Exercise requirements —
Using the data beneath this instruction, retype only the lines from the one that contains "i = inv_into" down to the one that contains "using g that", both included, exactly as they appear.

Exercise data —
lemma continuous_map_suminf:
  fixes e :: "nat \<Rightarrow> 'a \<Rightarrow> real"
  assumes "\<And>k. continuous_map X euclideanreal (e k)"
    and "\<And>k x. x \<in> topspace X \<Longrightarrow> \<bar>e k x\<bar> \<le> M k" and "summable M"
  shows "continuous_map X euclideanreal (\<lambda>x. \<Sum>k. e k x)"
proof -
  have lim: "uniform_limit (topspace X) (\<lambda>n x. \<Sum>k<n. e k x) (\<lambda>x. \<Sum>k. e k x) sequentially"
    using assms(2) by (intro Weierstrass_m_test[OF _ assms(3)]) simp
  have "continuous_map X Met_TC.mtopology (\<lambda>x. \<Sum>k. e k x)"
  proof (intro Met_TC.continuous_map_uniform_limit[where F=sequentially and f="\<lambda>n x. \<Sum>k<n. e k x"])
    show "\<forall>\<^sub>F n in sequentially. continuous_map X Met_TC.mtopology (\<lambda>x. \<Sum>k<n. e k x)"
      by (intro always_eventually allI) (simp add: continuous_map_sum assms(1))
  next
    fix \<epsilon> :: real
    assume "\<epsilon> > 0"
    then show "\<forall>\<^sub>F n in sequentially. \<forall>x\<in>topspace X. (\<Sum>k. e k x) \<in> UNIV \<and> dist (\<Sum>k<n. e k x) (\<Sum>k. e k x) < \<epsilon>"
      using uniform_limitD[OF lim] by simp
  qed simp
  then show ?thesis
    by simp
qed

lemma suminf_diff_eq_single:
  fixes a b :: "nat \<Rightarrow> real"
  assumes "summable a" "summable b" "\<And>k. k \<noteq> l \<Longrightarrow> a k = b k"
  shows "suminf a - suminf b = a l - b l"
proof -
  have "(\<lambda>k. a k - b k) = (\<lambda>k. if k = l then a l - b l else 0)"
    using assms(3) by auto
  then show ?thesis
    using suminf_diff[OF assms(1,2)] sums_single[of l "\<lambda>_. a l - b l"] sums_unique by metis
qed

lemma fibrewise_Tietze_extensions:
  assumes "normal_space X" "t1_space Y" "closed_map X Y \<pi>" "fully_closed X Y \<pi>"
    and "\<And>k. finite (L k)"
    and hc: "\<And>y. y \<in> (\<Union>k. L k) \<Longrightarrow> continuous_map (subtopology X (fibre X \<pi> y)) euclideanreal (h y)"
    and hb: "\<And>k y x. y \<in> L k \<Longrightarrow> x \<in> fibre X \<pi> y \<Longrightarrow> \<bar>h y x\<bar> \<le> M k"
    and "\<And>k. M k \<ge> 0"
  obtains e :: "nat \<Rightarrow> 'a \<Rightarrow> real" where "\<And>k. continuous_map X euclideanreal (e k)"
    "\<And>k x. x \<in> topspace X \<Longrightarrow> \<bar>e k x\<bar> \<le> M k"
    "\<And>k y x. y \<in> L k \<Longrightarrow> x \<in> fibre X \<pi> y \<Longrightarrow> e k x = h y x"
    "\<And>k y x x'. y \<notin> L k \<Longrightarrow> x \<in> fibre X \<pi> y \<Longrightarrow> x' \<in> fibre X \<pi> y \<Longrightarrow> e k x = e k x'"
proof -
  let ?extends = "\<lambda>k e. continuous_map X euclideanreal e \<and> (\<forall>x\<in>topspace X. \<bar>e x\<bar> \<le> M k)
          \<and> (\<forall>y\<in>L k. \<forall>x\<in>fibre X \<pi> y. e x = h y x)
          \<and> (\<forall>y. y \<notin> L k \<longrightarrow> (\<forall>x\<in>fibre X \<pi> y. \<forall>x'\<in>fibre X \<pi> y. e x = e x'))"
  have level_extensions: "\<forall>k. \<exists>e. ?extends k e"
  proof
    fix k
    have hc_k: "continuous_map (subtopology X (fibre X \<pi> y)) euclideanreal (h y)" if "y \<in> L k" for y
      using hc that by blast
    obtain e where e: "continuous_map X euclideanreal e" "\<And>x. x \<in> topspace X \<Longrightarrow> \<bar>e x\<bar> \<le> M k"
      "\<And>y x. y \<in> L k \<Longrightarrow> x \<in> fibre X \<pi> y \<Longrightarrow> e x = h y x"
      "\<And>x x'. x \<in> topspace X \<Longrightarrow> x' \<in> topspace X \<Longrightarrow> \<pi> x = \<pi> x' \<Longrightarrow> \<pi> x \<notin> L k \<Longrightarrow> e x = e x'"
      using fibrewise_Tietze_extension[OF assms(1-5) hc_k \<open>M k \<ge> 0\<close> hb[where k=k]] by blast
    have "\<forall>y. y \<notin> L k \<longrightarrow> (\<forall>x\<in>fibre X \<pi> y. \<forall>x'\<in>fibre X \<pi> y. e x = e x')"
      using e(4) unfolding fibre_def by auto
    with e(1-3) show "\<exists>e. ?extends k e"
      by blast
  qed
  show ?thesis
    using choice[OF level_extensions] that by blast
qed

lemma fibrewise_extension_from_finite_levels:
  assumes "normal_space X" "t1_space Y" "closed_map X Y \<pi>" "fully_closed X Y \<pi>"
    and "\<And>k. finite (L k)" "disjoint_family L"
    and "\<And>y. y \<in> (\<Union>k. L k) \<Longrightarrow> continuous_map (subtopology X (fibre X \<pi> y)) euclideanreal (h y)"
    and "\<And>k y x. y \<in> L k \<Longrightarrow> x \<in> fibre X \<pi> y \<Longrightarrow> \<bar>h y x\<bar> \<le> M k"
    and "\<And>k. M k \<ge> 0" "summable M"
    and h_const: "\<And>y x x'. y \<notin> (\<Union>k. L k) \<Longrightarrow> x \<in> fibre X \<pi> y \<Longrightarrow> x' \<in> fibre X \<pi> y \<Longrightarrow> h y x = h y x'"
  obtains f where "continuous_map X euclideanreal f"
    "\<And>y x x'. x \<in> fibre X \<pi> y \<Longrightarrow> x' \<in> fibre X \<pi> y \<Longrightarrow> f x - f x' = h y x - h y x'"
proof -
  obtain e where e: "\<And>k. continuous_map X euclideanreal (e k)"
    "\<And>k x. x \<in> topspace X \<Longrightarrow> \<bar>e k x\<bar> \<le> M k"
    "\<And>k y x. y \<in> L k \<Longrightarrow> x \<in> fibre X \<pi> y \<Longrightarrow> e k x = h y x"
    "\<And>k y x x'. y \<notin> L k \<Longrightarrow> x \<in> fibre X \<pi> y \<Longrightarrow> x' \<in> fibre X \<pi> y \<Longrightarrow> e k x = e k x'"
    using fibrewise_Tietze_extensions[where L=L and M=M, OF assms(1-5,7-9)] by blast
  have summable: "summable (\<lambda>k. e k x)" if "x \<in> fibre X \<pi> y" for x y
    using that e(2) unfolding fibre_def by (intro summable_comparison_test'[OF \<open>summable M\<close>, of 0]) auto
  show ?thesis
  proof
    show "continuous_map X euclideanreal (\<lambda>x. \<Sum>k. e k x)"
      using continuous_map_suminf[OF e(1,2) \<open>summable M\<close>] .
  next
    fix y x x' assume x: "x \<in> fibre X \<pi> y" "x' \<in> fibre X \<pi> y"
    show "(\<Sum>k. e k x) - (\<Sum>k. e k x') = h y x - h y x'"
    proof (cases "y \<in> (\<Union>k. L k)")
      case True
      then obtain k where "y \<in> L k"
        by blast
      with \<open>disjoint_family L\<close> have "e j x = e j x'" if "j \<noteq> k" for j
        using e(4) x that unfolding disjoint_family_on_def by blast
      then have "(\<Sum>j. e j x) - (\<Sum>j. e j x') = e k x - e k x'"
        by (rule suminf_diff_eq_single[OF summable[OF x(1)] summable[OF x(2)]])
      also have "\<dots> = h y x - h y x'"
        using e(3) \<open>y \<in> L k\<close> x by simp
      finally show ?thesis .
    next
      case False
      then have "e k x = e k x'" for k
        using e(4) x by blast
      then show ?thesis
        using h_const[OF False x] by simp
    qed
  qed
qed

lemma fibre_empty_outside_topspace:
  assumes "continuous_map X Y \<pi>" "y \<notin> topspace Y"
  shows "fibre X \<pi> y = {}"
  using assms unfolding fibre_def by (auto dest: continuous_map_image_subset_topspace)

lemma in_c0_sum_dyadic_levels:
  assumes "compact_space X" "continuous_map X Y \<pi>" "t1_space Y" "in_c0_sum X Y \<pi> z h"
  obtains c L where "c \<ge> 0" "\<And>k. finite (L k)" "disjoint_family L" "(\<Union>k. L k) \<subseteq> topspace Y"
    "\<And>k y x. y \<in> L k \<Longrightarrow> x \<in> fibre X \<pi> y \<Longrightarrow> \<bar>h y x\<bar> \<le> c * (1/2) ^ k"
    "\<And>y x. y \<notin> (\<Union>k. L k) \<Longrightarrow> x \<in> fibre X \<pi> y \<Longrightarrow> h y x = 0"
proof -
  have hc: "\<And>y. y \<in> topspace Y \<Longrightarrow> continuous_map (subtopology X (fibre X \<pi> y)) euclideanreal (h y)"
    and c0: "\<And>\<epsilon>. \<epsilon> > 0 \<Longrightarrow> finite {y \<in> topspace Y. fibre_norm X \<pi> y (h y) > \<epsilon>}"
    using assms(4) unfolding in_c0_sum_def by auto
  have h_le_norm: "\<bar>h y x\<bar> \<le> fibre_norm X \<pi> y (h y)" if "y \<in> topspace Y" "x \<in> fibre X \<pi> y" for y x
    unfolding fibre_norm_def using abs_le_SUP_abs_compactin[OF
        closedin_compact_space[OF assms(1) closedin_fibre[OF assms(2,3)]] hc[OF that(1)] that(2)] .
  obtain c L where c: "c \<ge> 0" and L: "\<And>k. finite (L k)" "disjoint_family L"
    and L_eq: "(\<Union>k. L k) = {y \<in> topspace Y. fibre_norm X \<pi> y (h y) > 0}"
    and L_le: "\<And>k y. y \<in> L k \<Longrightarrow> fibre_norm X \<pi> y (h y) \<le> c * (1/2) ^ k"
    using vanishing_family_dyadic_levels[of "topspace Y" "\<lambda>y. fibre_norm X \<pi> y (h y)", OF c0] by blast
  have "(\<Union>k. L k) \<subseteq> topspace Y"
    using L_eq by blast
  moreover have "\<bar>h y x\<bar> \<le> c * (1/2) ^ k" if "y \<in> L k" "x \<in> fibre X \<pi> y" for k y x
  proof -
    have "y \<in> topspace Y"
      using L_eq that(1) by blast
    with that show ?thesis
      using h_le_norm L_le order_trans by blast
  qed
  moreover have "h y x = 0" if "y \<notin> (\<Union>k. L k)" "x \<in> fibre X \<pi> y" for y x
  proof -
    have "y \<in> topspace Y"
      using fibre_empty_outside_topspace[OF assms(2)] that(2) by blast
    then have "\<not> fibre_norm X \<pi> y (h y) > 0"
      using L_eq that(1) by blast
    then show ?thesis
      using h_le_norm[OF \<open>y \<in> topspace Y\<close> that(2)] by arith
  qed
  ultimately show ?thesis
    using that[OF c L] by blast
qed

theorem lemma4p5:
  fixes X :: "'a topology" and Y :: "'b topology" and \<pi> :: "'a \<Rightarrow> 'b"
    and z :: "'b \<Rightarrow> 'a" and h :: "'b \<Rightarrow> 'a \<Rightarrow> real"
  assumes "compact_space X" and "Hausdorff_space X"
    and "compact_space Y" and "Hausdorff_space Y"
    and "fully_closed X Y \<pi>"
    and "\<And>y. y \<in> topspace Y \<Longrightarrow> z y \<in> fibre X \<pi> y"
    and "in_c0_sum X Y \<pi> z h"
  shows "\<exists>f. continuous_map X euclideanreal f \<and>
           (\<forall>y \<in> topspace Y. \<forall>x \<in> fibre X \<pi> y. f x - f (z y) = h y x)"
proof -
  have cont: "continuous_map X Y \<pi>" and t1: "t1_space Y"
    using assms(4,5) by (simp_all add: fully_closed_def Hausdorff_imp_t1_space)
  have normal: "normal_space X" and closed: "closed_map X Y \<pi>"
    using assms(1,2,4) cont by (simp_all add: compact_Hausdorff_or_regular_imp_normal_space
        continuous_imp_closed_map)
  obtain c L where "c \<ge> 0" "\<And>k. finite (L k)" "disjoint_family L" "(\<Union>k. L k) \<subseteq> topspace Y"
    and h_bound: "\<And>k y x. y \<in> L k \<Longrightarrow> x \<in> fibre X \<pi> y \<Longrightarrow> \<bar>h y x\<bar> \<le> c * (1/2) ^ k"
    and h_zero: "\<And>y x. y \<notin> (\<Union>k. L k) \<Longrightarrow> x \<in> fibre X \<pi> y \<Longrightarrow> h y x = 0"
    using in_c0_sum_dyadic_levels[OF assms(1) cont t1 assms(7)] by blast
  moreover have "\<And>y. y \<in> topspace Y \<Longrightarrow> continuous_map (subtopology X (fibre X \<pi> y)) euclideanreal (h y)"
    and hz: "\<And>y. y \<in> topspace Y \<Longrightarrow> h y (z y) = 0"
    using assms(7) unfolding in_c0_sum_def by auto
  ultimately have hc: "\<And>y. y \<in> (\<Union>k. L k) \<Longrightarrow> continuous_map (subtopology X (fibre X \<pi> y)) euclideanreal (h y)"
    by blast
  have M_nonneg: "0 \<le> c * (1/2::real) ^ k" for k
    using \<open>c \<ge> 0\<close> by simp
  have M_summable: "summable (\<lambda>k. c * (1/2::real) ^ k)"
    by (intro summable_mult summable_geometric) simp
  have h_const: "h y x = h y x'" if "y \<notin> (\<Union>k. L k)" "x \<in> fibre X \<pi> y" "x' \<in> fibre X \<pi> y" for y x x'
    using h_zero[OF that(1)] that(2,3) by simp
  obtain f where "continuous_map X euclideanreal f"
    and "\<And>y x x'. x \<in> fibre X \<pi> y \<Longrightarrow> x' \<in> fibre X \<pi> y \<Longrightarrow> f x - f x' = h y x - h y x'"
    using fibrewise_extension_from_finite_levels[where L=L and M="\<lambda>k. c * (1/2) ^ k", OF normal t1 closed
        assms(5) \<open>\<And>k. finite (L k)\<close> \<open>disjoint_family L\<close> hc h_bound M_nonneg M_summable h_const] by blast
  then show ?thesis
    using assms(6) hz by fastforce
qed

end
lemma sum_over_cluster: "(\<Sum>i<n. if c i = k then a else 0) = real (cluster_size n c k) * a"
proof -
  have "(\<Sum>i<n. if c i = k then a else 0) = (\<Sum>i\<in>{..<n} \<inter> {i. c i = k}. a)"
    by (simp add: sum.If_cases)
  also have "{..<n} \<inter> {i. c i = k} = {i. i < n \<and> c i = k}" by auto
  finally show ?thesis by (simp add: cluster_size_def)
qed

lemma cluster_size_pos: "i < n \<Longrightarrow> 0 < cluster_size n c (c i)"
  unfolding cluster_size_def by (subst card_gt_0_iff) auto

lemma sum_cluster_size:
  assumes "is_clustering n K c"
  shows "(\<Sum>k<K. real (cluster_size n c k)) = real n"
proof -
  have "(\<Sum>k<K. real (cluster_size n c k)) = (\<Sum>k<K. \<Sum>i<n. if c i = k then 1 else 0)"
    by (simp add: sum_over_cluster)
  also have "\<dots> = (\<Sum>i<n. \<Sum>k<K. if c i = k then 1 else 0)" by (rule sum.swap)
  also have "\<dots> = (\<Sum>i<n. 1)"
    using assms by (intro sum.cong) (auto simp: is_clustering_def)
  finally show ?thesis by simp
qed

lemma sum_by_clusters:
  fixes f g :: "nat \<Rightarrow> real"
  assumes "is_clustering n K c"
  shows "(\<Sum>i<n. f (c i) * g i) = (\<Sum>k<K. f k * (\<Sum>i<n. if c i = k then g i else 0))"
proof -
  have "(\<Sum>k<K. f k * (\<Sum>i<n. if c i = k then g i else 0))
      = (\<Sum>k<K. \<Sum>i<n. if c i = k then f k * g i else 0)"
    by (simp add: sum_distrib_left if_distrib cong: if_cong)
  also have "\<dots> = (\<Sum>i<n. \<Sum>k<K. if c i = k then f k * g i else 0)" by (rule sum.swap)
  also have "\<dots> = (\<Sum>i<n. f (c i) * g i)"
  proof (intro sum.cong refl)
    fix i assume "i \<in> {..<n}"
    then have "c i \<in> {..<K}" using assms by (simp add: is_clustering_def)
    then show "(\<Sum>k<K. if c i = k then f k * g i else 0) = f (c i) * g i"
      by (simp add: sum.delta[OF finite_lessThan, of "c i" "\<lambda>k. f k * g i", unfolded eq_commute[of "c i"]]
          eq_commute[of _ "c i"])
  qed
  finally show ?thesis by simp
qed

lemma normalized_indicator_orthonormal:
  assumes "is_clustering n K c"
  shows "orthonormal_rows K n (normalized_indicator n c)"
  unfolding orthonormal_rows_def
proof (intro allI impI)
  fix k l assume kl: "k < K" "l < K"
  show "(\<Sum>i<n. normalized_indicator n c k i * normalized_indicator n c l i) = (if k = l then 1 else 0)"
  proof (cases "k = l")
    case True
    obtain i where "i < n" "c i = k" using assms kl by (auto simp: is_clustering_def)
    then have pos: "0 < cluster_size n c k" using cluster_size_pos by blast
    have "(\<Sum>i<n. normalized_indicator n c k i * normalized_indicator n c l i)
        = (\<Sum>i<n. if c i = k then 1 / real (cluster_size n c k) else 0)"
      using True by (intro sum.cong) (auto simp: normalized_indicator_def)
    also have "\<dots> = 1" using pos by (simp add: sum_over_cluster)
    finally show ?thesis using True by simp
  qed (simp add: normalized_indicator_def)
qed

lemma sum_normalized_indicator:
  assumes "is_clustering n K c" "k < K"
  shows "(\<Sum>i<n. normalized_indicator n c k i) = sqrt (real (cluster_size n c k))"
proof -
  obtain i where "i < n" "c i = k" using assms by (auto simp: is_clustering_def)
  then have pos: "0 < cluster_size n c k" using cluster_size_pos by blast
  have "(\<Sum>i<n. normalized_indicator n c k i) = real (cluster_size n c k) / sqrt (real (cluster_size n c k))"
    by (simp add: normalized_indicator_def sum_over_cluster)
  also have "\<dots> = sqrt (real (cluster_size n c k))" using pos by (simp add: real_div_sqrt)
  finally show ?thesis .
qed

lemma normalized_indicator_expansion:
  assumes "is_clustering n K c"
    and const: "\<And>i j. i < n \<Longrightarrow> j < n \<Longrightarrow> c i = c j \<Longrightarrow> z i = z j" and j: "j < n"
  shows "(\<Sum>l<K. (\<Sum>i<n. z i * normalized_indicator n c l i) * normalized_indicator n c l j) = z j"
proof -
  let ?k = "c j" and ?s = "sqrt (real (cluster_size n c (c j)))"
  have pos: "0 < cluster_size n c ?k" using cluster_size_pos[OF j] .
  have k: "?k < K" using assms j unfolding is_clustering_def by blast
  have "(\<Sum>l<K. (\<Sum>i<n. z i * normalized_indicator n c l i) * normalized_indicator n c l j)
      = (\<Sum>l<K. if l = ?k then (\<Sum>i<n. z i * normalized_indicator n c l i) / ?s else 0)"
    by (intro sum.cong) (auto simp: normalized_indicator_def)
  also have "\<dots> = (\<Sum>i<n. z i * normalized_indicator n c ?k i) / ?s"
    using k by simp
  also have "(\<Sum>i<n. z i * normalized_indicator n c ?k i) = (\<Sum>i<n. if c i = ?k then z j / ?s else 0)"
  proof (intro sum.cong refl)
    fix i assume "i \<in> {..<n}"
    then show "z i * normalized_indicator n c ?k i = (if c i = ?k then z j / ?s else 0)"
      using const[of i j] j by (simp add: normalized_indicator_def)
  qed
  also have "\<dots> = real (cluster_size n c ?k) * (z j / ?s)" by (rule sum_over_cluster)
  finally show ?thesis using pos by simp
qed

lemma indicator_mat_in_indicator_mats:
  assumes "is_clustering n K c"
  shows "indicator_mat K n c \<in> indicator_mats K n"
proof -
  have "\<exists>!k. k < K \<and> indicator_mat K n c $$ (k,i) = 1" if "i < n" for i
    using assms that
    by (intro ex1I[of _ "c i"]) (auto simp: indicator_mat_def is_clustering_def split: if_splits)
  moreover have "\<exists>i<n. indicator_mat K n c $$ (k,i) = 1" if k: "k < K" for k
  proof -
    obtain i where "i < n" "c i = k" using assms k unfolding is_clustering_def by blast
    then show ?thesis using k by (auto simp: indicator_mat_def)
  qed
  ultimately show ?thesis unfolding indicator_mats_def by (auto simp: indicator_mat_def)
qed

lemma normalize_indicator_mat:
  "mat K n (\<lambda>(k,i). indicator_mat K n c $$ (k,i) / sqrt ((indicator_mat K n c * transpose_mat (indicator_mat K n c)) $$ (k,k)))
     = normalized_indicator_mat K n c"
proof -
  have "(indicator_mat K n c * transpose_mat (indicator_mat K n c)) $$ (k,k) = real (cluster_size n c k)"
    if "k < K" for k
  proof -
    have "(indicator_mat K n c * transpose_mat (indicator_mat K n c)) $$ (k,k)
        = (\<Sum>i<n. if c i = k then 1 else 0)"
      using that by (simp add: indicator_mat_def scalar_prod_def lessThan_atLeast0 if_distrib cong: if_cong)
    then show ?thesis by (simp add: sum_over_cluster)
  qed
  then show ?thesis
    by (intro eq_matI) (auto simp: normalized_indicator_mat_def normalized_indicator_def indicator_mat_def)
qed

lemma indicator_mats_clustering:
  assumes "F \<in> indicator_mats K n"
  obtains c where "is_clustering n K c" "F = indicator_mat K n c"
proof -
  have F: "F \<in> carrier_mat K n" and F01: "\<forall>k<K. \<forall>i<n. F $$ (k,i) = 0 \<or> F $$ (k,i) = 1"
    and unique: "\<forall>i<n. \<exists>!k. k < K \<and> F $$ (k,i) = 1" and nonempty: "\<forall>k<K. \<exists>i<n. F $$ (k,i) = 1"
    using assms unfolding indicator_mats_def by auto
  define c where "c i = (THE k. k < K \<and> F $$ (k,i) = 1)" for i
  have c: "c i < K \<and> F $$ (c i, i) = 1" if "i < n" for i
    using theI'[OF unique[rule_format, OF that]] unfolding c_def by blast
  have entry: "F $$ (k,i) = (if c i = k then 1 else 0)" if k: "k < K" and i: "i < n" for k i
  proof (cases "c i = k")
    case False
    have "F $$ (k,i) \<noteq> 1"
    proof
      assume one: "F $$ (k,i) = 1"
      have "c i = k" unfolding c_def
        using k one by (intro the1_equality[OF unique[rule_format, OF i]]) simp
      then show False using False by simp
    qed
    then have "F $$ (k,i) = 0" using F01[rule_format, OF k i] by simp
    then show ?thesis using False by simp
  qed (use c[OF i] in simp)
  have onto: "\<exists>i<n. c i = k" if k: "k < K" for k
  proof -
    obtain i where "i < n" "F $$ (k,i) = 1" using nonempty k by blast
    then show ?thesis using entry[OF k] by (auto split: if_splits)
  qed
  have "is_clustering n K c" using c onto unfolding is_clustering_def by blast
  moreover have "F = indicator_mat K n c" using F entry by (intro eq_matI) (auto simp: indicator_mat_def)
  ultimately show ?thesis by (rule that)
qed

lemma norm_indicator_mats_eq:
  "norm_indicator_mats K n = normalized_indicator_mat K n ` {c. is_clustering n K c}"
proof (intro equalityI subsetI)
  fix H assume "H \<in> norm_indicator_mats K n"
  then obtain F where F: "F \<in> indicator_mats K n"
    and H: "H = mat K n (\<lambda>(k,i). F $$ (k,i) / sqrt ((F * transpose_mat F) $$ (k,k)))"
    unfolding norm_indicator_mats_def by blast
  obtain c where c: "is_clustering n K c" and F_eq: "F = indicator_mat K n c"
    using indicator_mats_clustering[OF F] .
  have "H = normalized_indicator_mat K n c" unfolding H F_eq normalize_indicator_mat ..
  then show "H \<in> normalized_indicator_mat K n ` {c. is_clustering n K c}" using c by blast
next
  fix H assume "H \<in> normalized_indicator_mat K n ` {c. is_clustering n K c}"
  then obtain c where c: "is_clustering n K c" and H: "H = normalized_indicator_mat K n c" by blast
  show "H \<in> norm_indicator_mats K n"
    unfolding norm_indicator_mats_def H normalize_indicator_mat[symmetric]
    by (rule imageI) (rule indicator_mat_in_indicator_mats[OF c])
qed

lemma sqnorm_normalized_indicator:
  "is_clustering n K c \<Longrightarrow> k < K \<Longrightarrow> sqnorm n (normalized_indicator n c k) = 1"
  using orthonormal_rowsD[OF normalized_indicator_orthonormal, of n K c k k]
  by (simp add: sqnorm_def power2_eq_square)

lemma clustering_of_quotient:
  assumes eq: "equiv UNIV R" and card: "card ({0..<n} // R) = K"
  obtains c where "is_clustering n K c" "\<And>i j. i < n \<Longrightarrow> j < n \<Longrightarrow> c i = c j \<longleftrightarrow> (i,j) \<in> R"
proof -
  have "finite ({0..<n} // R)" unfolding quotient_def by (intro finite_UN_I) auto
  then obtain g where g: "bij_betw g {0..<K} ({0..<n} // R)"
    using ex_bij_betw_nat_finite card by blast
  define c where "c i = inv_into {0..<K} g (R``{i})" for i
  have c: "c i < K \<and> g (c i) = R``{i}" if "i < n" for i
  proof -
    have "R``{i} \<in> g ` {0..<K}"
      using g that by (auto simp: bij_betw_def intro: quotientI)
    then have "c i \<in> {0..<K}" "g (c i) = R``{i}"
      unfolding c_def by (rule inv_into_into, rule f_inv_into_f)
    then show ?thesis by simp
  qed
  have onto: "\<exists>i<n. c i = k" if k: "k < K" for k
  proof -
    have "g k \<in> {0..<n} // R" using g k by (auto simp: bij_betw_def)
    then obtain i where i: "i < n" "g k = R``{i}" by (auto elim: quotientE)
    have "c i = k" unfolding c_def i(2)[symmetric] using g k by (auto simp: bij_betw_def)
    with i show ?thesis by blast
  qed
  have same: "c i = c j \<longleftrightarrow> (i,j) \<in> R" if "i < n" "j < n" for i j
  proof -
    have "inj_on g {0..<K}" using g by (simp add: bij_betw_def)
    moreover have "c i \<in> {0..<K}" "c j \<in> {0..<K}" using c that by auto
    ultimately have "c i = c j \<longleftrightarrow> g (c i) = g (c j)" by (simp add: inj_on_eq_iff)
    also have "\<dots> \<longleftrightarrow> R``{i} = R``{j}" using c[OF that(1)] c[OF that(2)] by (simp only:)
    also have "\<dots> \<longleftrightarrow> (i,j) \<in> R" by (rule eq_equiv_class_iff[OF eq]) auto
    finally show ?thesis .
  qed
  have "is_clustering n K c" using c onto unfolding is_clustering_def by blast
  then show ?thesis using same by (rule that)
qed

Answer to the exercise —
  define c where "c i = inv_into {0..<K} g (R``{i})" for i
  have c: "c i < K \<and> g (c i) = R``{i}" if "i < n" for i
  proof -
    have "R``{i} \<in> g ` {0..<K}"
      using g that by (auto simp: bij_betw_def intro: quotientI)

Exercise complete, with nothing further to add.